This, in turn, is described with the image of the divine gaze into his heart, certainly a spiritual process often utilized by contemporary mystics and artists from throughout the Middle Ages, whether depicting the Virgin Mary, Christ, God the Father, or the Holy Spirit. A most impressive example would be Geerten tot Sint Jans’s (ca. 1455–1496) painting of “The Glorification of the Virgin” (ca. 1490–1495; today in Rotterdam, Museum Boijmans van Beuningen, 2450; see Collins and Turner 2024, plate 59, p. 125; cf. also online at: https://www.boijmans.nl/en/collection/artworks/3730/the-glorification-of-the-virgin, accessed on 21 November 2025). Most delightfully, the naked infant holds a sort of bells in his hands and chimes into the music by the angels that glorify Him. See the Figure 4 below (public domain at https://upload.wikimedia.org/wikipedia/commons/4/4d/Geertgen_tot_Sint_Jans_-_Virgin_and_Child_-_WGA08518.jpg, accessed on 21 November 2025): The message conveyed here within the secular-literary context underscores the intimate relationship between body and soul, which the optical introspection can strengthen or recover, as initiated here by God as the speculator of the human heart. The parallels between Heinrich’s gaze at the innocent girl, representing absolute human beauty by herself in perfect terms, and God’s gaze into Heinrich are most significant and allow us to understand the ultimate power of the spiritual illumination at work here.

6. The Gaze Toward Another World: Pagan or Folkloric Perceptions

The Monstrous Woman in Human Existence

So far, we have identified the gaze with the Christian notion of spiritual discovery and transformation, perhaps most idyllically represented by the universal motif of the spectator’s gaze upon the Christ child and the Virgin Mary in the animal stable in Bethlehem, hence the ubiquitous Christmas scene. But we can also identify the gaze in different contexts not influenced by Christian teachings. Walter Map, a major Welsh courtier at King Henry II’s court in England, was probably the first medieval poet to engage with the Melusine motif and hence the breaking of the taboo by way of the gaze, which gained real prominence not until the later Middle Ages. In his famous De nugis curialium (Trifles of Courtiers), which he composed between 1181 and 1182, we hear of many anecdotes from classical-Roman literature and also from oral poetry antedating the early medieval Christianization also of England and Wales, including accounts of ghosts, demons, revenants, and stories about the ancient British King Heral (Dist. 1, ch. xi) and of Henno with the Big Teeth (Dist. 4, ch. ix; James [1914] 2010; for an English translation, see Tupper and Bladen Ogle 1924; for a modern anthropological approach, see Vàrvaro 1994).

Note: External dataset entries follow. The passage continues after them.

lemma admissible_iff:
  "admissible rf R lam w T pol t \<longleftrightarrow>
    (\<forall>s x. t \<le> s \<and> s < T \<longrightarrow>
       prob_density_L2 (pol s x)
     \<and> integrable lborel (\<lambda>u. pol s x u * ln (pol s x u))
     \<and> integrable (step_measure R pol s x)
          (\<lambda>p. ctg rf R lam w T pol (T - Suc s) (rf * x + snd p * fst p)))"
  unfolding admissible_def prob_density_L2_def by meson

locale exploratory_mean_variance =
  fixes T :: nat and rf a \<sigma> lam w :: real and R :: "nat \<Rightarrow> real measure"
  assumes rf_pos: "rf > 0" and sigma_pos: "\<sigma> > 0" and lam_pos: "lam > 0"
    and returns: "\<And>t. t < T \<Longrightarrow> prob_space (R t) \<and> sets (R t) = sets borel
            \<and> integrable (R t) (\<lambda>r. r) \<and> integrable (R t) (\<lambda>r. r\<^sup>2)
            \<and> (\<integral>r. r \<partial>R t) = a \<and> (\<integral>r. (r - a)\<^sup>2 \<partial>R t) = \<sigma>\<^sup>2"
begin

definition m2 :: real where "m2 = a\<^sup>2 + \<sigma>\<^sup>2"

definition q :: real where "q = \<sigma>\<^sup>2 * rf\<^sup>2 / m2"

definition V_const :: "nat \<Rightarrow> real" where
  "V_const k = lam / 2 * real k * ln (m2 / (pi * lam)) + lam / 2 * (\<Sum>j<k. real j * ln q)"

definition V :: "nat \<Rightarrow> real \<Rightarrow> real" where
  "V k x = q ^ k * (x - (1 / rf) ^ k * w)\<^sup>2 + V_const k"

definition opt_mean :: "nat \<Rightarrow> real \<Rightarrow> real" where
  "opt_mean k x = - (a * rf * (x - (1 / rf) ^ Suc k * w)) / m2"

definition opt_var :: "nat \<Rightarrow> real" where
  "opt_var k = lam / (2 * m2) * (m2 / (\<sigma>\<^sup>2 * rf\<^sup>2)) ^ k"

definition opt_policy :: "nat \<Rightarrow> real \<Rightarrow> real \<Rightarrow> real" where
  "opt_policy s x = gauss (- (a * rf * (x - (1 / rf) ^ (T - s) * w)) / m2)
                          (lam / (2 * m2) * (m2 / (\<sigma>\<^sup>2 * rf\<^sup>2)) ^ (T - s - 1))"

lemma m2_pos: "m2 > 0"
  using sigma_pos by (simp add: m2_def add_nonneg_pos)

lemma q_pos: "q > 0"
  using sigma_pos rf_pos m2_pos by (simp add: q_def)

lemma opt_var_pos: "opt_var k > 0"
  using sigma_pos rf_pos m2_pos lam_pos by (simp add: opt_var_def)

lemma opt_policy_eq:
  "s < T \<Longrightarrow> opt_policy s x = gauss (opt_mean (T - Suc s) x) (opt_var (T - Suc s))"
  by (simp add: opt_policy_def opt_mean_def opt_var_def Suc_diff_Suc)

lemma integral_return_sq: "t < T \<Longrightarrow> (\<integral>r. r\<^sup>2 \<partial>R t) = m2"
  using returns prob_space.variance_eq[of "R t" "\<lambda>r. r"] by (simp add: m2_def)

lemma prob_space_step_measure:
  assumes "s < T" and "prob_density_L2 (pol s x)"
  shows "prob_space (step_measure R pol s x)"
proof -
  interpret P: prob_space "density lborel (\<lambda>u. ennreal (pol s x u))"
    using prob_space_density_L2 assms(2) .
  interpret Q: prob_space "R s" using returns assms(1) by simp
  interpret PQ: pair_prob_space "density lborel (\<lambda>u. ennreal (pol s x u))" "R s" ..
  show ?thesis unfolding step_measure_def by (rule PQ.prob_space_axioms)
qed

lemma lam_div_opt_var: "lam / (2 * opt_var k) = m2 * q ^ k"
  using sigma_pos rf_pos m2_pos lam_pos by (simp add: opt_var_def q_def field_simps power_divide)

lemma ln_opt_var: "- ln (2 * pi * opt_var k) / 2 = ln (m2 / (pi * lam)) / 2 + real k * ln q / 2"
proof -
  have "2 * pi * opt_var k = pi * lam / (m2 * q ^ k)"
    using lam_div_opt_var[of k] opt_var_pos[of k] m2_pos q_pos by (simp add: field_simps)
  then show ?thesis
    using m2_pos q_pos lam_pos by (simp add: ln_div ln_mult ln_realpow)
qed

lemma V_const_Suc:
  "V_const (Suc k) = V_const k + lam / 2 * ln (m2 / (pi * lam)) + lam / 2 * real k * ln q"
  by (simp add: V_const_def algebra_simps)

text \<open>Completing the square in the control: \<open>M\<^sub>1\<close>, \<open>M\<^sub>2\<close> stand for the first two moments of
  the control density.\<close>
lemma bellman_algebra:
  fixes M\<^sub>1 M\<^sub>2 x :: real and k :: nat
  defines "y \<equiv> rf * x - (1 / rf) ^ k * w"
  shows "q ^ k * (y\<^sup>2 + 2 * y * M\<^sub>1 * a + M\<^sub>2 * m2) + V_const k
     + lam * (- ln (2 * pi * opt_var k) / 2
              - (M\<^sub>2 - 2 * opt_mean k x * M\<^sub>1 + (opt_mean k x)\<^sup>2) / (2 * opt_var k))
     = V (Suc k) x"
proof -
  have mean: "opt_mean k x = - a * y / m2"
    using rf_pos m2_pos by (simp add: opt_mean_def y_def field_simps)
  have shift: "x - (1 / rf) ^ Suc k * w = y / rf"
    using rf_pos by (simp add: y_def field_simps)
  have quadratic: "Q * (y\<^sup>2 + 2 * y * M\<^sub>1 * a + M\<^sub>2 * m2)
      - m2 * Q * (M\<^sub>2 - 2 * (- a * y / m2) * M\<^sub>1 + (- a * y / m2)\<^sup>2) = q * Q * (y / rf)\<^sup>2" for Q
  proof -
    have sigma_sq: "\<sigma>\<^sup>2 = m2 - a\<^sup>2" by (simp add: m2_def)
    show ?thesis
      using m2_pos rf_pos unfolding q_def sigma_sq by (simp add: field_simps power2_eq_square)
  qed
  have "lam * (- ln (2 * pi * opt_var k) / 2
              - (M\<^sub>2 - 2 * opt_mean k x * M\<^sub>1 + (opt_mean k x)\<^sup>2) / (2 * opt_var k))
      = lam / 2 * ln (m2 / (pi * lam)) + lam / 2 * real k * ln q
        - lam / (2 * opt_var k) * (M\<^sub>2 - 2 * opt_mean k x * M\<^sub>1 + (opt_mean k x)\<^sup>2)"
    using opt_var_pos[of k] unfolding ln_opt_var by (simp add: field_simps)
  then show ?thesis
    using quadratic[of "q ^ k"] unfolding V_def V_const_Suc lam_div_opt_var mean shift
    by (simp add: algebra_simps)
qed

text \<open>Adding \<open>lam * \<integral> p ln p\<close> to both sides exhibits the one-step cost of a control density \<open>p\<close>
  as \<open>V (Suc k) x\<close> plus \<open>lam\<close> times the Kullback-Leibler divergence of \<open>p\<close> from the Gaussian.\<close>
lemma
  assumes "s < T" and p: "prob_density_L2 (pol s x)"
  shows integrable_V_step_measure:
      "integrable (step_measure R pol s x) (\<lambda>z. V k (rf * x + snd z * fst z))"
    and bellman_identity:
      "(\<integral>z. V k (rf * x + snd z * fst z) \<partial>step_measure R pol s x)
       + lam * (\<integral>u. pol s x u * ln (gauss (opt_mean k x) (opt_var k) u) \<partial>lborel) = V (Suc k) x"
proof -
  define y where "y = rf * x - (1 / rf) ^ k * w"
  define M\<^sub>1 where "M\<^sub>1 = (\<integral>u. pol s x u * u \<partial>lborel)"
  define M\<^sub>2 where "M\<^sub>2 = (\<integral>u. u\<^sup>2 * pol s x u \<partial>lborel)"
  interpret prob_space "step_measure R pol s x"
    using prob_space_step_measure[of s pol x, OF assms] .
  have V_shift: "(\<lambda>z. V k (rf * x + snd z * fst z)) =
      (\<lambda>z. q ^ k * (y + snd z * fst z)\<^sup>2 + V_const k)"
    by (simp add: fun_eq_iff V_def y_def algebra_simps)
  have R: "prob_space (R s)" "integrable (R s) (\<lambda>r. r)" "integrable (R s) (\<lambda>r. r\<^sup>2)"
      "(\<integral>r. r \<partial>R s) = a" "(\<integral>r. r\<^sup>2 \<partial>R s) = m2"
    using returns[OF \<open>s < T\<close>] integral_return_sq[OF \<open>s < T\<close>] by auto
  have sq_int: "integrable (step_measure R pol s x) (\<lambda>z. (y + snd z * fst z)\<^sup>2)"
    unfolding step_measure_def by (rule integrable_density_pair_affine_sq[OF p R(1-3)])
  have sq_eq: "(\<integral>z. (y + snd z * fst z)\<^sup>2 \<partial>step_measure R pol s x) =
      y\<^sup>2 + 2 * y * M\<^sub>1 * a + M\<^sub>2 * m2"
    unfolding step_measure_def integral_density_pair_affine_sq[OF p R(1-3)] R(4,5)
      M\<^sub>1_def M\<^sub>2_def ..
  show "integrable (step_measure R pol s x) (\<lambda>z. V k (rf * x + snd z * fst z))"
    unfolding V_shift using sq_int by simp
  have "(\<integral>z. V k (rf * x + snd z * fst z) \<partial>step_measure R pol s x) =
      q ^ k * (y\<^sup>2 + 2 * y * M\<^sub>1 * a + M\<^sub>2 * m2) + V_const k"
    unfolding V_shift sq_eq[symmetric] using sq_int by (simp add: prob_space)
  then show "(\<integral>z. V k (rf * x + snd z * fst z) \<partial>step_measure R pol s x)
       + lam * (\<integral>u. pol s x u * ln (gauss (opt_mean k x) (opt_var k) u) \<partial>lborel) = V (Suc k) x"
    using bellman_algebra[where M\<^sub>1 = M\<^sub>1 and M\<^sub>2 = M\<^sub>2 and x = x and k = k]
    unfolding integral_mult_ln_gauss[OF p opt_var_pos] M\<^sub>1_def[symmetric] M\<^sub>2_def[symmetric]
    by (simp add: y_def)
qed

Henno encounters, mysteriously, a most delightful lady in a cove on the coast of Normandy. Her father had wanted to marry her off to the King of France, but then, by accident, left her behind in that locus amoenus. Henno is immediately enamored with her, takes her home, where he marries her and entrusts her to his mother’s care. The couple soon has many children, but his mother notices one day that her daughter-in-law never allows herself to be sprinkled with Holy Water and always leaves the church before the celebration of the Eucharist. Having grown suspicious, she spies on her and has one of her servants drill a small hole in the wall of her bedroom. To her great surprise, when looking inside, she discovers that the strange woman turns into a dragon when she steps into the bath. Once having completed her bath, the young woman/dragon steps onto a mantle and tears it into pieces, which thus allows her to return to her original human figure.

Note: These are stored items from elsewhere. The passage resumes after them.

(* Each prox step obeys a three-point inequality: since phi is differentiable at the
   interior point x^(k+1), a one-sided difference quotient of the prox objective along the
   segment towards x gives the first-order optimality condition, and the three-point identity
   of the Bregman distance turns it into a telescoping bound. Adding the primal and dual
   inequalities to the co-coercivity bound
   h x >= h x' + <grad h x', x - x'> + |grad h x - grad h x'|^2 / (2 L)
   and using tau <= 1/L, the remaining bilinear terms in A regroup exactly into the three
   d_pd3o expressions. *)

lemma directional_quotient_tendsto:
  fixes F :: "'a::real_inner \<Rightarrow> real"
  assumes "(F has_derivative (\<lambda>v. G \<bullet> v)) (at p)"
  shows "((\<lambda>t. (F (p + t *\<^sub>R d) - F p) / t) \<longlongrightarrow> G \<bullet> d) (at_right 0)"
proof -
  have "((\<lambda>t::real. p + t *\<^sub>R d) has_derivative (\<lambda>s. s *\<^sub>R d)) (at 0)"
    by (auto intro!: derivative_eq_intros)
  moreover have "(F has_derivative (\<lambda>v. G \<bullet> v)) (at ((\<lambda>t::real. p + t *\<^sub>R d) 0))"
    using assms by simp
  ultimately have "((\<lambda>t. F (p + t *\<^sub>R d)) has_derivative (\<lambda>s. G \<bullet> (s *\<^sub>R d))) (at 0)"
    by (rule has_derivative_compose)
  then have "((\<lambda>t. F (p + t *\<^sub>R d)) has_field_derivative G \<bullet> d) (at 0)"
    by (rule has_derivative_imp_has_field_derivative) simp
  then have "((\<lambda>t. F (p + t *\<^sub>R d)) has_field_derivative G \<bullet> d) (at 0 within {0<..})"
    by (rule has_field_derivative_at_within)
  then show ?thesis
    by (simp add: has_field_derivative_iff at_within_open)
qed

lemma directional_derivative_ge:
  fixes F :: "'a::real_inner \<Rightarrow> real"
  assumes "(F has_derivative (\<lambda>v. G \<bullet> v)) (at p)"
    and "\<And>t. 0 < t \<Longrightarrow> t \<le> 1 \<Longrightarrow> c * t \<le> F (p + t *\<^sub>R d) - F p"
  shows "c \<le> G \<bullet> d"
proof (rule tendsto_lowerbound[OF directional_quotient_tendsto[OF assms(1)]])
  have "\<forall>\<^sub>F t in at_right (0::real). 0 < t \<and> t < 1"
    by (intro eventually_conj eventually_at_right_less)
      (auto simp: eventually_at_right_field intro: exI[of _ 1])
  then show "\<forall>\<^sub>F t in at_right 0. c \<le> (F (p + t *\<^sub>R d) - F p) / t"
    by eventually_elim (use assms(2) in \<open>simp add: pos_le_divide_eq\<close>)
qed simp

Alarmed, the mother asks a priest to come to her, and when the daughter-in-law does not suspect anything, the priest sprinkles her with Holy Water, which immediately dismantles her human shape, and now being a dragon again, she jumps high up and flies away through the roof. She screams in a terrifying manner and then disappears for good. In the conclusion, which might be a bit incoherent, the narrator unexpectedly refers to God/Christ, who had ascended to heaven after His resurrection, which the audience ought to believe. Hence, as Map emphasizes, He even allowed the vilest creatures, such as this secret dragon, to copy his behavior, after which they are all dragged down again, but then to hell.
The reception history of this short account extends via Gervase of Tilbury (ca. 1150–1220)—see his Otia imperialis, a Book of Marvels, ca. 1210–1220—to Jean d’Arras (1393), Couldrette (ca. 1400), and Thüring von Ringoltingen (1456). As soon as Johann Gutenberg had invented the movable type around 1450, both the German and the French versions were printed and soon experienced a widespread and long-lasting reception history. Among many other themes and topics, we always hear of the central theme, the spying by the male protagonist on his wife, who regularly disappears from public view on Saturdays. Melusine had imposed a taboo on her future husband never to investigate her whereabouts on those days, but in the course of time, he could not control himself any longer because his brother had aroused jealousy in him, claiming that his wife must be committing adultery during those unique times of the week. In his typically male worldview, there could not be any other explanation for this woman’s mysterious behavior.
Whereas Walter has the husband’s mother spy on the wife, the late medieval authors transfer that operation to the husband himself, and the situation with the hole in the wall and the spectator’s gaze thus gains in erotic power because he is both attracted to her beautiful though fearful appearance and repelled as well because her monstrous figure terrifies him due to his utter lack of understanding of the meaning. Let us examine the earliest version by Jean d’Arras more in detail, whereas Thüring primarily followed Couldrette’s version, though he also essentially repeated the French source. But, to be sure, the popularity of this narrative material continued far into the seventeenth century, so we can certainly identify this account as a late medieval ‘bestseller’ already in the modern sense of the word (Maddox and Sturm-Maddox 2012; see the contributions to Urban et al. 2017; for the reception history, see Zeldenkrust 2020).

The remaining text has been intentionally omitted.